IT LOOKED LIKE Independence Day in America: dozens of flags with stars and stripes, carried by people marching past banks and fast-food restaurants. But on closer inspection, those flags had an extra star. On March 2nd, celebrating the day 105 years ago when Puerto Ricans were granted American citizenship, Víctor Parés hoped to rally support for statehood. “It’s up to our generation to finish what started with the Jones[-Shafroth] Act in 1917,” said Mr Parés, a politician leading the procession in San Juan, the capital. Only a few passers-by seemed interested. The dark traffic lights dangling above them, a casualty of the island’s recurrent power cuts, were a reminder of more humdrum concerns.
Yet change is coming, even if it falls short of Mr Parés’s dreams. On March 15th a bankruptcy deal came into effect that reduced Puerto Rico’s debt by almost 80%. The resulting new fiscal plan, coupled with an influx of federal dollars, marks the effective end of the island’s debt crisis. Now Puerto Rico has a chance to fix its economy, after years of recession.
The debt crisis that engulfed Puerto Rico in 2014 owes much to its peculiar legal status as an American commonwealth. Not bound by the strictures of a state, lawmakers in San Juan borrowed freely and disastrously. In 2016 Congress passed the Puerto Rico Oversight, Management and Economic Stability Act (PROMESA), giving the island a process to restructure its debt. In exchange, it saddled the place with a fiscal-oversight board. Derisively called la junta by locals, the board managed the island’s finances and led debt negotiations.
The bankruptcy agreement reached in January will relieve Puerto Rico of crushing interest payments, which will now take up 7% of the budget instead of over 25%, with a plan to balance long-term finances. “It is a sound basis for fiscal planning going forward,” says Antonio Weiss, who led the Treasury Department’s negotiation of PROMESA under Barack Obama.
The $67bn in federal funds allocated to help the island rebuild after Hurricane Maria in 2017 continues to arrive—blue tarps on roofs in poorer parts of San Juan are a testament to a shamefully slow recovery. But it is President Joe Biden’s legislative activity in 2021 that promises a torrent of spending. The American Rescue Plan is expected to deliver at least $23.5bn to Puerto Rico. The Infrastructure Investment and Jobs Act will bring yet more.

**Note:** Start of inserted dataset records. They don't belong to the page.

(* If $\mathcal{A}$ is a strong $T_0$-family, then every nonseparable closed linear subspace of $\mathcal{X}_\mathcal{A}$ contains a subspace isomorphic to $\ell_2$.
   Context: $c_{00}(\omega_1)$ is the set of finitely supported $x\in\mathbb{R}^{\omega_1}$; $\|x\|_\mathcal{A}=\sup_{A\in\mathcal{A}}\sqrt{\sum_{\alpha\in A}x(\alpha)^2}$ and $\mathcal{X}_\mathcal{A}$ is the closure of $c_{00}(\omega_1)$ in $\{x\in\mathbb{R}^{\omega_1}:\|x\|_\mathcal{A}<\infty\}$. For disjoint $A,B$, $A\otimes B=\{\{\alpha,\beta\}:\alpha\in A,\beta\in B\}$. A function $c=(c_0,c_1):[\omega_1]^2\to I\times J$ ($0,1\in I$, $J\ne\emptyset$) is a $T$-coloring if for every uncountable pairwise disjoint family $\{\{a_\xi(0),a_\xi(1)\}:\xi<\omega_1\}$ of pairs and all $(i_0,j_0),(i_1,j_1)\in I\times J$ there are $\xi<\eta$ with $c(\{a_\xi(0),a_\eta(0)\})=(i_0,j_0)$, $c(\{a_\xi(1),a_\eta(1)\})=(i_1,j_1)$; it is a strong $T$-coloring if moreover for every uncountable pairwise disjoint family $\{A_\xi:\xi<\omega_1\}$ of finite subsets of $\omega_1$ there are $\xi<\eta$ with $c_0[A_\xi\otimes A_\eta]=\{0\}$ and $\xi<\eta$ with $c_0[A_\xi\otimes A_\eta]=\{1\}$. A strong $T_0$-family is $\mathcal{A}_c=\{a\subseteq\omega_1\text{ finite}:c_0[[a]^2]\subseteq\{0\}\}$ for a strong $T$-coloring $c$. *)

theory Defs
  imports Complex_Main "HOL-Library.Countable_Set"
begin

text \<open>omega_1 is modelled by a well-ordered type 'a that is uncountable and all of
whose proper initial segments are countable (i.e. its order type is omega_1).
Unordered pairs {alpha,beta} are represented as two-element sets.\<close>

definition is_omega1 :: "'a::wellorder itself \<Rightarrow> bool" where
  "is_omega1 _ \<longleftrightarrow> \<not> countable (UNIV :: 'a set) \<and> (\<forall>\<alpha>::'a. countable {..<\<alpha>})"

definition pairs2 :: "'a set \<Rightarrow> 'a set set" where
  "pairs2 a = {{\<alpha>, \<beta>} | \<alpha> \<beta>. \<alpha> \<in> a \<and> \<beta> \<in> a \<and> \<alpha> \<noteq> \<beta>}"

definition otimes :: "'a set \<Rightarrow> 'a set \<Rightarrow> 'a set set" where
  "otimes A B = {{\<alpha>, \<beta>} | \<alpha> \<beta>. \<alpha> \<in> A \<and> \<beta> \<in> B}"

text \<open>T-coloring c = (c0, c1) : [omega_1]^2 \<rightarrow> I \<times> J, with c0 = fst \<circ> c.\<close>
definition T_coloring :: "('a::wellorder set \<Rightarrow> 'i::zero_neq_one \<times> 'j) \<Rightarrow> 'i set \<Rightarrow> 'j set \<Rightarrow> bool" where
  "T_coloring c I J \<longleftrightarrow>
     0 \<in> I \<and> 1 \<in> I \<and> J \<noteq> {} \<and>
     (\<forall>p \<in> pairs2 (UNIV :: 'a set). c p \<in> I \<times> J) \<and>
     (\<forall>a0 a1 :: 'a \<Rightarrow> 'a.
        (\<forall>\<xi>. a0 \<xi> \<noteq> a1 \<xi>) \<and>
        (\<forall>\<xi> \<eta>. \<xi> \<noteq> \<eta> \<longrightarrow> {a0 \<xi>, a1 \<xi>} \<inter> {a0 \<eta>, a1 \<eta>} = {}) \<longrightarrow>
        (\<forall>i0 \<in> I. \<forall>j0 \<in> J. \<forall>i1 \<in> I. \<forall>j1 \<in> J.
           \<exists>\<xi> \<eta>. \<xi> < \<eta> \<and> c {a0 \<xi>, a0 \<eta>} = (i0, j0) \<and> c {a1 \<xi>, a1 \<eta>} = (i1, j1)))"

definition strong_T_coloring :: "('a::wellorder set \<Rightarrow> 'i::zero_neq_one \<times> 'j) \<Rightarrow> 'i set \<Rightarrow> 'j set \<Rightarrow> bool" where
  "strong_T_coloring c I J \<longleftrightarrow>
     T_coloring c I J \<and>
     (\<forall>A :: 'a \<Rightarrow> 'a set.
        (\<forall>\<xi>. finite (A \<xi>) \<and> A \<xi> \<noteq> {}) \<and>
        (\<forall>\<xi> \<eta>. \<xi> \<noteq> \<eta> \<longrightarrow> A \<xi> \<inter> A \<eta> = {}) \<longrightarrow>
        (\<exists>\<xi> \<eta>. \<xi> < \<eta> \<and> (fst \<circ> c) ` otimes (A \<xi>) (A \<eta>) = {0}) \<and>
        (\<exists>\<xi> \<eta>. \<xi> < \<eta> \<and> (fst \<circ> c) ` otimes (A \<xi>) (A \<eta>) = {1}))"

definition T0_family :: "('a set \<Rightarrow> 'i::zero_neq_one \<times> 'j) \<Rightarrow> 'a set set" where
  "T0_family c = {a. finite a \<and> (fst \<circ> c) ` pairs2 a \<subseteq> {0}}"

definition normA :: "'a set set \<Rightarrow> ('a \<Rightarrow> real) \<Rightarrow> real" where
  "normA \<A> x = (SUP a \<in> \<A>. sqrt (\<Sum>\<alpha>\<in>a. (x \<alpha>)^2))"

definition normA_finite :: "'a set set \<Rightarrow> ('a \<Rightarrow> real) \<Rightarrow> bool" where
  "normA_finite \<A> x \<longleftrightarrow> bdd_above ((\<lambda>a. sqrt (\<Sum>\<alpha>\<in>a. (x \<alpha>)^2)) ` \<A>)"

definition c00 :: "('a \<Rightarrow> real) set" where
  "c00 = {x. finite {\<alpha>. x \<alpha> \<noteq> 0}}"

definition XA :: "'a set set \<Rightarrow> ('a \<Rightarrow> real) set" where
  "XA \<A> = {x. normA_finite \<A> x \<and>
              (\<forall>e>0. \<exists>y \<in> c00. normA \<A> (\<lambda>\<alpha>. x \<alpha> - y \<alpha>) < e)}"

definition closed_subspace_XA :: "'a set set \<Rightarrow> ('a \<Rightarrow> real) set \<Rightarrow> bool" where
  "closed_subspace_XA \<A> Z \<longleftrightarrow>
     Z \<subseteq> XA \<A> \<and> (\<lambda>\<alpha>. 0) \<in> Z \<and>
     (\<forall>x\<in>Z. \<forall>y\<in>Z. (\<lambda>\<alpha>. x \<alpha> + y \<alpha>) \<in> Z) \<and>
     (\<forall>r::real. \<forall>x\<in>Z. (\<lambda>\<alpha>. r * x \<alpha>) \<in> Z) \<and>
     (\<forall>x \<in> XA \<A>. (\<forall>e>0. \<exists>z\<in>Z. normA \<A> (\<lambda>\<alpha>. x \<alpha> - z \<alpha>) < e) \<longrightarrow> x \<in> Z)"

definition separable_XA :: "'a set set \<Rightarrow> ('a \<Rightarrow> real) set \<Rightarrow> bool" where
  "separable_XA \<A> Z \<longleftrightarrow>
     (\<exists>D \<subseteq> Z. countable D \<and> (\<forall>z\<in>Z. \<forall>e>0. \<exists>d\<in>D. normA \<A> (\<lambda>\<alpha>. z \<alpha> - d \<alpha>) < e))"

definition l2 :: "(nat \<Rightarrow> real) set" where
  "l2 = {f. summable (\<lambda>n. (f n)^2)}"

definition l2_norm :: "(nat \<Rightarrow> real) \<Rightarrow> real" where
  "l2_norm f = sqrt (\<Sum>n. (f n)^2)"

definition contains_l2 :: "'a set set \<Rightarrow> ('a \<Rightarrow> real) set \<Rightarrow> bool" where
  "contains_l2 \<A> Z \<longleftrightarrow>
     (\<exists>(T :: (nat \<Rightarrow> real) \<Rightarrow> ('a \<Rightarrow> real)) m M.
        0 < m \<and> 0 < M \<and> T ` l2 \<subseteq> Z \<and>
        (\<forall>f\<in>l2. \<forall>g\<in>l2. T (\<lambda>n. f n + g n) = (\<lambda>\<alpha>. T f \<alpha> + T g \<alpha>)) \<and>
        (\<forall>r::real. \<forall>f\<in>l2. T (\<lambda>n. r * f n) = (\<lambda>\<alpha>. r * T f \<alpha>)) \<and>
        (\<forall>f\<in>l2. m * l2_norm f \<le> normA \<A> (T f) \<and> normA \<A> (T f) \<le> M * l2_norm f))"

end

theory Submission
  imports Defs "HOL-Analysis.L2_Norm" "HOL-Analysis.Convex"
begin

text \<open>
  Restricting to a countable set S of coordinates maps X_A into a separable space, so on a
  nonseparable closed subspace Z this restriction is not bounded below: for every \<open>\<delta> > 0\<close>
  there is a unit vector of Z whose restriction to S has norm at most \<open>\<delta>\<close>, and it carries mass
  at least 1/4 on a member of A disjoint from S. A recursion of length \<open>\<omega>\<^sub>1\<close> produces
  such vectors \<open>z \<xi> k\<close> with tolerance \<open>1 / (8 * 2^k)\<close>, where the set avoided at stage \<open>\<xi>\<close> is
  the union of the supports of all earlier vectors; hence their heavy blocks are pairwise disjoint.
  The 0-homogeneity half of the strong T-coloring property then selects \<open>\<xi>\<^sub>0 < \<xi>\<^sub>1 < \<dots>\<close>
  such that, for \<open>z\<^sub>n = z \<xi>\<^sub>n n\<close>, the union of the first N blocks lies in A for every N.
  Finally \<open>f \<mapsto> \<Sum>n. f n * z\<^sub>n\<close> embeds \<open>l\<^sub>2\<close> isomorphically into Z: the parts of the
  \<open>z\<^sub>n\<close> outside the avoided sets have pairwise disjoint supports, which gives the upper bound
  and, on the unions of blocks, the lower bound, while the remaining parts are so small that the
  squares of their norms sum to at most 1/48.
\<close>

section \<open>The norm of X_A\<close>

lemma normA_eq_SUP_L2_set: "normA \<A> x = (SUP a \<in> \<A>. L2_set x a)"
  unfolding normA_def L2_set_def ..

lemma normA_finite_iff_bdd_L2_set: "normA_finite \<A> x \<longleftrightarrow> bdd_above ((\<lambda>a. L2_set x a) ` \<A>)"
  unfolding normA_finite_def L2_set_def ..

lemma normA_finiteI:
  assumes "\<And>a. a \<in> \<A> \<Longrightarrow> L2_set x a \<le> B"
  shows "normA_finite \<A> x"
  unfolding normA_finite_iff_bdd_L2_set bdd_above_def using assms by blast

lemma normA_le:
  assumes "\<A> \<noteq> {}" "\<And>a. a \<in> \<A> \<Longrightarrow> L2_set x a \<le> B"
  shows "normA \<A> x \<le> B"
  unfolding normA_eq_SUP_L2_set using assms by (intro cSUP_least) auto

lemma L2_set_le_normA:
  assumes "normA_finite \<A> x" "a \<in> \<A>"
  shows "L2_set x a \<le> normA \<A> x"
  using assms unfolding normA_eq_SUP_L2_set normA_finite_iff_bdd_L2_set by (intro cSUP_upper)

lemma sum_squares_le_normA_squared:
  assumes "normA_finite \<A> x" "a \<in> \<A>"
  shows "(\<Sum>\<alpha>\<in>a. (x \<alpha>)\<^sup>2) \<le> (normA \<A> x)\<^sup>2"
proof -
  have "(\<Sum>\<alpha>\<in>a. (x \<alpha>)\<^sup>2) = (L2_set x a)\<^sup>2"
    unfolding L2_set_def by (simp add: sum_nonneg)
  also have "\<dots> \<le> (normA \<A> x)\<^sup>2"
    using L2_set_le_normA[OF assms] by (intro power_mono) auto
  finally show ?thesis .
qed

lemma normA_nonneg:
  assumes "normA_finite \<A> x" "\<A> \<noteq> {}"
  shows "0 \<le> normA \<A> x"
  using assms L2_set_le_normA[OF assms(1)] L2_set_nonneg order_trans by blast

lemma
  assumes "\<A> \<noteq> {}" "normA_finite \<A> x" "normA_finite \<A> y"
  shows normA_add_le: "normA \<A> (\<lambda>\<alpha>. x \<alpha> + y \<alpha>) \<le> normA \<A> x + normA \<A> y"
    and normA_finite_add: "normA_finite \<A> (\<lambda>\<alpha>. x \<alpha> + y \<alpha>)"
proof -
  have "L2_set (\<lambda>\<alpha>. x \<alpha> + y \<alpha>) a \<le> normA \<A> x + normA \<A> y" if "a \<in> \<A>" for a
    using L2_set_triangle_ineq[of x y a] L2_set_le_normA[OF assms(2) that]
      L2_set_le_normA[OF assms(3) that] by linarith
  then show "normA \<A> (\<lambda>\<alpha>. x \<alpha> + y \<alpha>) \<le> normA \<A> x + normA \<A> y"
    and "normA_finite \<A> (\<lambda>\<alpha>. x \<alpha> + y \<alpha>)"
    using assms(1) by (auto intro: normA_le normA_finiteI)
qed

lemma L2_set_scale: "L2_set (\<lambda>\<alpha>. r * x \<alpha>) a = \<bar>r\<bar> * L2_set x a"
  unfolding L2_set_def by (simp add: power_mult_distrib real_sqrt_mult flip: sum_distrib_left)

lemma
  assumes "\<A> \<noteq> {}" "normA_finite \<A> x"
  shows normA_scale_le: "normA \<A> (\<lambda>\<alpha>. r * x \<alpha>) \<le> \<bar>r\<bar> * normA \<A> x"
    and normA_finite_scale: "normA_finite \<A> (\<lambda>\<alpha>. r * x \<alpha>)"
proof -
  have "L2_set (\<lambda>\<alpha>. r * x \<alpha>) a \<le> \<bar>r\<bar> * normA \<A> x" if "a \<in> \<A>" for a
    using L2_set_le_normA[OF assms(2) that] by (simp add: L2_set_scale mult_left_mono)
  then show "normA \<A> (\<lambda>\<alpha>. r * x \<alpha>) \<le> \<bar>r\<bar> * normA \<A> x"
    and "normA_finite \<A> (\<lambda>\<alpha>. r * x \<alpha>)"
    using assms(1) by (auto intro: normA_le normA_finiteI)
qed
(* Let $A,B\in\mathbb{C}^{n\times n}$. The following are equivalent: (i) $A\leq^{GD1}B$; (ii) $A =AA^-B=BA^{GD}A$ for some $A^- \in A\{1\}$ and some $A^{GD} \in A\{GD\}$; (iii) $A = AA^{GD1}B=BA^{GD1}A$ for some GD1 inverse $A^{GD1}$ of $A$; (iv) for some $A^- \in A\{1\}$ and some $A^{GD} \in A\{GD\}$ there exist idempotents $P,Q\in\mathbb{C}^{n\times n}$ such that $R(P)=R(A)$, $N(P)=N(AA^-)$, $R(Q)=R(A^{GD}A)$, $N(Q)=N(A)$ and $A=PB=BQ$; (v) for some GD1 inverse $A^{GD1}$ of $A$ there exist idempotents $P,Q\in\mathbb{C}^{n\times n}$ such that $R(P)=R(A)$, $N(P)=N(A^{GD1})$, $R(Q)=R(A^{GD1})$, $N(Q)=N(A)$ and $A=PB=BQ$.
   Context: For $A\in\mathbb{C}^{n\times n}$, $ind(A)$ is the smallest nonnegative integer $k$ with $\mathrm{rank}(A^k)=\mathrm{rank}(A^{k+1})$. $A\{1\}$ is the set of matrices $X$ with $AXA=A$. With $k=ind(A)$, $A\{GD\}$ is the set of matrices $X$ with $AXA=A$, $XA^{k+1}=A^k$, $A^{k+1}X=A^k$ (G-Drazin inverses). A GD1 inverse of $A$ is a matrix $A^{GD1}=A^{GD}AA^-$ with $A^-\in A\{1\}$, $A^{GD}\in A\{GD\}$. We write $A\leq^{GD1}B$ if $AA^{GD1}=BA^{GD1}$ and $A^{GD1}A=A^{GD1}B$ for some GD1 inverse $A^{GD1}$ of $A$. $R(\cdot)$, $N(\cdot)$ denote range and null space. *)

theory Defs
  imports "HOL-Analysis.Analysis"
begin

definition matpow :: "complex^'n^'n \<Rightarrow> nat \<Rightarrow> complex^'n^'n" where
  "matpow A k = ((\<lambda>X. X ** A) ^^ k) (mat 1)"

definition ind :: "complex^'n^'n \<Rightarrow> nat" where
  "ind A = (LEAST k. rank (matpow A k) = rank (matpow A (Suc k)))"

definition inv1 :: "complex^'n^'n \<Rightarrow> (complex^'n^'n) set" where
  "inv1 A = {X. A ** X ** A = A}"

definition GDinv :: "complex^'n^'n \<Rightarrow> (complex^'n^'n) set" where
  "GDinv A = {X. A ** X ** A = A \<and> X ** matpow A (Suc (ind A)) = matpow A (ind A)
                \<and> matpow A (Suc (ind A)) ** X = matpow A (ind A)}"

definition GD1inv :: "complex^'n^'n \<Rightarrow> (complex^'n^'n) set" where
  "GD1inv A = {G ** A ** M | G M. G \<in> GDinv A \<and> M \<in> inv1 A}"

definition gd1_le :: "complex^'n^'n \<Rightarrow> complex^'n^'n \<Rightarrow> bool" where
  "gd1_le A B \<longleftrightarrow> (\<exists>X \<in> GD1inv A. A ** X = B ** X \<and> X ** A = X ** B)"

definition idempotent_mat :: "complex^'n^'n \<Rightarrow> bool" where
  "idempotent_mat P \<longleftrightarrow> P ** P = P"

definition mrange :: "complex^'n^'n \<Rightarrow> (complex^'n) set" where
  "mrange A = range (\<lambda>x. A *v x)"

definition mnull :: "complex^'n^'n \<Rightarrow> (complex^'n) set" where
  "mnull A = {x. A *v x = 0}"

end

theory Submission
  imports Defs
begin

text \<open>Only the inner-inverse property \<open>A A\<^sup>- A = A\<close> of the two generalized inverses matters.
  For inner inverses \<open>M\<close> and \<open>G\<close> of \<open>A\<close> and \<open>X = G A M\<close> one has \<open>A X = A M\<close> and \<open>X A = G A\<close>;
  both are idempotents, with \<open>R(A M) = R(A)\<close>, \<open>N(G A) = N(A)\<close>, \<open>N(X) = N(A M)\<close> and
  \<open>R(X) = R(G A)\<close>. An idempotent is determined by its range and null space, so the
  idempotents \<open>P\<close>, \<open>Q\<close> in (iv) and (v) are forced to be \<open>A M\<close> and \<open>G A\<close>, and every
  condition collapses to \<open>A = A M B = B G A\<close>.\<close>

lemma GDinv_subset_inv1: "GDinv A \<subseteq> inv1 A"
  by (auto simp: GDinv_def inv1_def)

lemma bex_GD1inv_iff:
  "(\<exists>X \<in> GD1inv A. P X) \<longleftrightarrow> (\<exists>M \<in> inv1 A. \<exists>G \<in> GDinv A. P (G ** A ** M))"
  by (auto simp: GD1inv_def)

lemma inner_inverse_idempotent_left:
  fixes A :: "'a::semiring_1^'n^'m" and M :: "'a^'m^'n"
  assumes "A ** M ** A = A"
  shows "(A ** M) ** (A ** M) = A ** M"
  by (metis assms matrix_mul_assoc)

lemma inner_inverse_idempotent_right:
  fixes A :: "'a::semiring_1^'n^'m" and G :: "'a^'m^'n"
  assumes "A ** G ** A = A"
  shows "(G ** A) ** (G ** A) = G ** A"
  by (metis assms matrix_mul_assoc)

lemma inner_inverses_mult_left:
  fixes A :: "'a::semiring_1^'n^'m" and G M :: "'a^'m^'n"
  assumes "A ** G ** A = A"
  shows "A ** (G ** A ** M) = A ** M"
  by (metis assms matrix_mul_assoc)

lemma inner_inverses_mult_right:
  fixes A :: "'a::semiring_1^'n^'m" and G M :: "'a^'m^'n"
  assumes "A ** M ** A = A"
  shows "(G ** A ** M) ** A = G ** A"
  by (metis assms matrix_mul_assoc)

lemma inner_inverses_commute_iff:
  fixes A B :: "'a::semiring_1^'n^'m" and G M :: "'a^'m^'n"
  assumes G: "A ** G ** A = A" and M: "A ** M ** A = A"
  defines "X \<equiv> G ** A ** M"
  shows "(A ** X = B ** X \<and> X ** A = X ** B) \<longleftrightarrow> (A = A ** M ** B \<and> A = B ** G ** A)"
proof
  have AX: "A ** X = A ** M" and XA: "X ** A = G ** A"
    unfolding X_def by (fact inner_inverses_mult_left[OF G] inner_inverses_mult_right[OF M])+
  assume "A ** X = B ** X \<and> X ** A = X ** B"
  then have "A ** M = B ** X" "G ** A = X ** B"
    using AX XA by simp_all
  then have "A ** M ** A = B ** (X ** A)" "A ** (G ** A) = A ** (X ** B)"
    by (simp_all add: matrix_mul_assoc)
  then show "A = A ** M ** B \<and> A = B ** G ** A"
    using AX XA G M by (simp add: matrix_mul_assoc)
next
  assume "A = A ** M ** B \<and> A = B ** G ** A"
  then show "A ** X = B ** X \<and> X ** A = X ** B"
    unfolding X_def using G M by (metis matrix_mul_assoc)
qed

lemma inner_inverses_sandwich_iff:
  fixes A B :: "'a::semiring_1^'n^'m" and G M :: "'a^'m^'n"
  assumes G: "A ** G ** A = A" and M: "A ** M ** A = A"
  defines "X \<equiv> G ** A ** M"
  shows "(A = A ** X ** B \<and> A = B ** X ** A) \<longleftrightarrow> (A = A ** M ** B \<and> A = B ** G ** A)"
  unfolding X_def
  using inner_inverses_mult_left[OF G] inner_inverses_mult_right[OF M] by (metis matrix_mul_assoc)

lemma mrange_mult_inner_inverse:
  fixes A M :: "complex^'n^'n"
  assumes "A ** M ** A = A"
  shows "mrange (A ** M) = mrange A"
proof
  show "mrange (A ** M) \<subseteq> mrange A"
    by (auto simp: mrange_def simp flip: matrix_vector_mul_assoc)
  have "A *v x = (A ** M) *v (A *v x)" for x
    using assms by (simp add: matrix_vector_mul_assoc)
  then show "mrange A \<subseteq> mrange (A ** M)"
    unfolding mrange_def by blast
qed

lemma mnull_inner_inverse_mult:
  fixes A G :: "complex^'n^'n"
  assumes "A ** G ** A = A"
  shows "mnull (G ** A) = mnull A"
proof
  show "mnull A \<subseteq> mnull (G ** A)"
    by (auto simp: mnull_def simp flip: matrix_vector_mul_assoc)
  have "A *v x = A *v ((G ** A) *v x)" for x
    using assms by (simp add: matrix_vector_mul_assoc matrix_mul_assoc)
  then show "mnull (G ** A) \<subseteq> mnull A"
    unfolding mnull_def by (metis (mono_tags) matrix_vector_mult_0_right mem_Collect_eq subsetI)
qed

lemma mnull_mult_left_cancel:
  fixes A G M :: "complex^'n^'n"
  assumes "mnull (G ** A) = mnull A"
  shows "mnull (G ** A ** M) = mnull (A ** M)"
  using assms by (auto simp: mnull_def set_eq_iff simp flip: matrix_vector_mul_assoc)

lemma mrange_mult_right_cancel:
  fixes A G M :: "complex^'n^'n"
  assumes "mrange (A ** M) = mrange A"
  shows "mrange (G ** A ** M) = mrange (G ** A)"
proof -
  have "mrange (G ** C) = (\<lambda>v. G *v v) ` mrange C" for C
    by (auto simp: mrange_def image_comp matrix_vector_mul_assoc)
  then show ?thesis
    using assms by (metis matrix_mul_assoc)
qed

lemma idempotent_mat_eqI:
  fixes P E :: "complex^'n^'n"
  assumes P: "idempotent_mat P" and E: "idempotent_mat E"
    and range: "mrange P = mrange E" and null: "mnull P = mnull E"
  shows "P = E"
proof -
  have "P *v x = E *v x" for x
  proof -
    obtain y where y: "P *v x = E *v y"
      using range by (auto simp: mrange_def)
    have EP: "E *v (P *v x) = P *v x"
      using E y by (simp add: idempotent_mat_def matrix_vector_mul_assoc)
    have "P *v (x - P *v x) = 0"
      using P by (simp add: idempotent_mat_def matrix_vector_mult_diff_distrib matrix_vector_mul_assoc)
    then have "E *v (x - P *v x) = 0"
      using null by (auto simp: mnull_def)
    then show ?thesis
      using EP by (simp add: matrix_vector_mult_diff_distrib)
  qed
  then show ?thesis
    by (simp add: matrix_eq)
qed

lemma ex_idempotent_factorization_iff:
  fixes A B E F :: "complex^'n^'n"
  assumes "idempotent_mat E" and "idempotent_mat F"
  shows "(\<exists>P Q. idempotent_mat P \<and> idempotent_mat Q \<and>
            mrange P = mrange E \<and> mnull P = mnull E \<and>
            mrange Q = mrange F \<and> mnull Q = mnull F \<and>
            A = P ** B \<and> A = B ** Q)
         \<longleftrightarrow> A = E ** B \<and> A = B ** F"
  (is "?factorization \<longleftrightarrow> _")
proof
  assume ?factorization
  then obtain P Q where "idempotent_mat P" "mrange P = mrange E" "mnull P = mnull E"
    and "idempotent_mat Q" "mrange Q = mrange F" "mnull Q = mnull F"
    and "A = P ** B" "A = B ** Q"
    by blast
  then show "A = E ** B \<and> A = B ** F"
    using assms idempotent_mat_eqI by metis
next
  assume "A = E ** B \<and> A = B ** F"
  then show ?factorization
    using assms by blast
qed

lemma inner_inverses_projector_conditions_iff:
  fixes A B G M :: "complex^'n^'n"
  assumes G: "A ** G ** A = A" and M: "A ** M ** A = A"
  shows "(\<exists>P Q. idempotent_mat P \<and> idempotent_mat Q \<and>
            mrange P = mrange A \<and> mnull P = mnull (A ** M) \<and>
            mrange Q = mrange (G ** A) \<and> mnull Q = mnull A \<and>
            A = P ** B \<and> A = B ** Q)
         \<longleftrightarrow> A = A ** M ** B \<and> A = B ** G ** A"
proof -
  have "idempotent_mat (A ** M)" and "idempotent_mat (G ** A)"
    unfolding idempotent_mat_def
    by (fact inner_inverse_idempotent_left[OF M] inner_inverse_idempotent_right[OF G])+
  from ex_idempotent_factorization_iff[OF this, of A B] show ?thesis
    by (simp add: mrange_mult_inner_inverse[OF M] mnull_inner_inverse_mult[OF G] matrix_mul_assoc)
qed

theorem theorem2p15:
  fixes A B :: "complex^'n^'n"
  defines "c1 \<equiv> gd1_le A B"
    and "c2 \<equiv> (\<exists>M \<in> inv1 A. \<exists>G \<in> GDinv A. A = A ** M ** B \<and> A = B ** G ** A)"
    and "c3 \<equiv> (\<exists>X \<in> GD1inv A. A = A ** X ** B \<and> A = B ** X ** A)"
    and "c4 \<equiv> (\<exists>M \<in> inv1 A. \<exists>G \<in> GDinv A. \<exists>P Q.
              idempotent_mat P \<and> idempotent_mat Q \<and>
              mrange P = mrange A \<and> mnull P = mnull (A ** M) \<and>
              mrange Q = mrange (G ** A) \<and> mnull Q = mnull A \<and>
              A = P ** B \<and> A = B ** Q)"
    and "c5 \<equiv> (\<exists>X \<in> GD1inv A. \<exists>P Q.
              idempotent_mat P \<and> idempotent_mat Q \<and>
              mrange P = mrange A \<and> mnull P = mnull X \<and>
              mrange Q = mrange X \<and> mnull Q = mnull A \<and>
              A = P ** B \<and> A = B ** Q)"
  shows "(c1 \<longleftrightarrow> c2) \<and> (c1 \<longleftrightarrow> c3) \<and> (c1 \<longleftrightarrow> c4) \<and> (c1 \<longleftrightarrow> c5)"
proof -
  have G: "A ** G ** A = A" if "G \<in> GDinv A" for G
    using that GDinv_subset_inv1 by (auto simp: inv1_def)
  have M: "A ** M ** A = A" if "M \<in> inv1 A" for M
    using that by (simp add: inv1_def)
  have "c1 \<longleftrightarrow> c2"
    unfolding c1_def c2_def gd1_le_def bex_GD1inv_iff
    using G M by (simp add: inner_inverses_commute_iff cong: bex_cong)
  moreover have "c3 \<longleftrightarrow> c2"
    unfolding c3_def c2_def bex_GD1inv_iff
    using G M by (simp add: inner_inverses_sandwich_iff cong: bex_cong)
  moreover have "c4 \<longleftrightarrow> c2"
    unfolding c4_def c2_def
    using inner_inverses_projector_conditions_iff[OF G M] by (intro bex_cong refl) blast
  moreover have "c5 \<longleftrightarrow> c4"
    unfolding c5_def c4_def bex_GD1inv_iff
    using G M
    by (simp add: mnull_mult_left_cancel mnull_inner_inverse_mult
        mrange_mult_right_cancel mrange_mult_inner_inverse cong: bex_cong)
  ultimately show ?thesis
    by blast
qed

end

The oversight board projects that the economy will grow by 0.5% a year on average through 2030. The fact that it will take such a surge of spending just for Puerto Rico to barely escape recession underscores the task ahead. Since 2004 its economy has shrunk by 20% (see chart). Though living standards are still among the highest in Latin America, neighbours such as the Dominican Republic have steadily closed the gap. The island’s poverty rate of 44% remains more than twice that of Mississippi, the poorest American state.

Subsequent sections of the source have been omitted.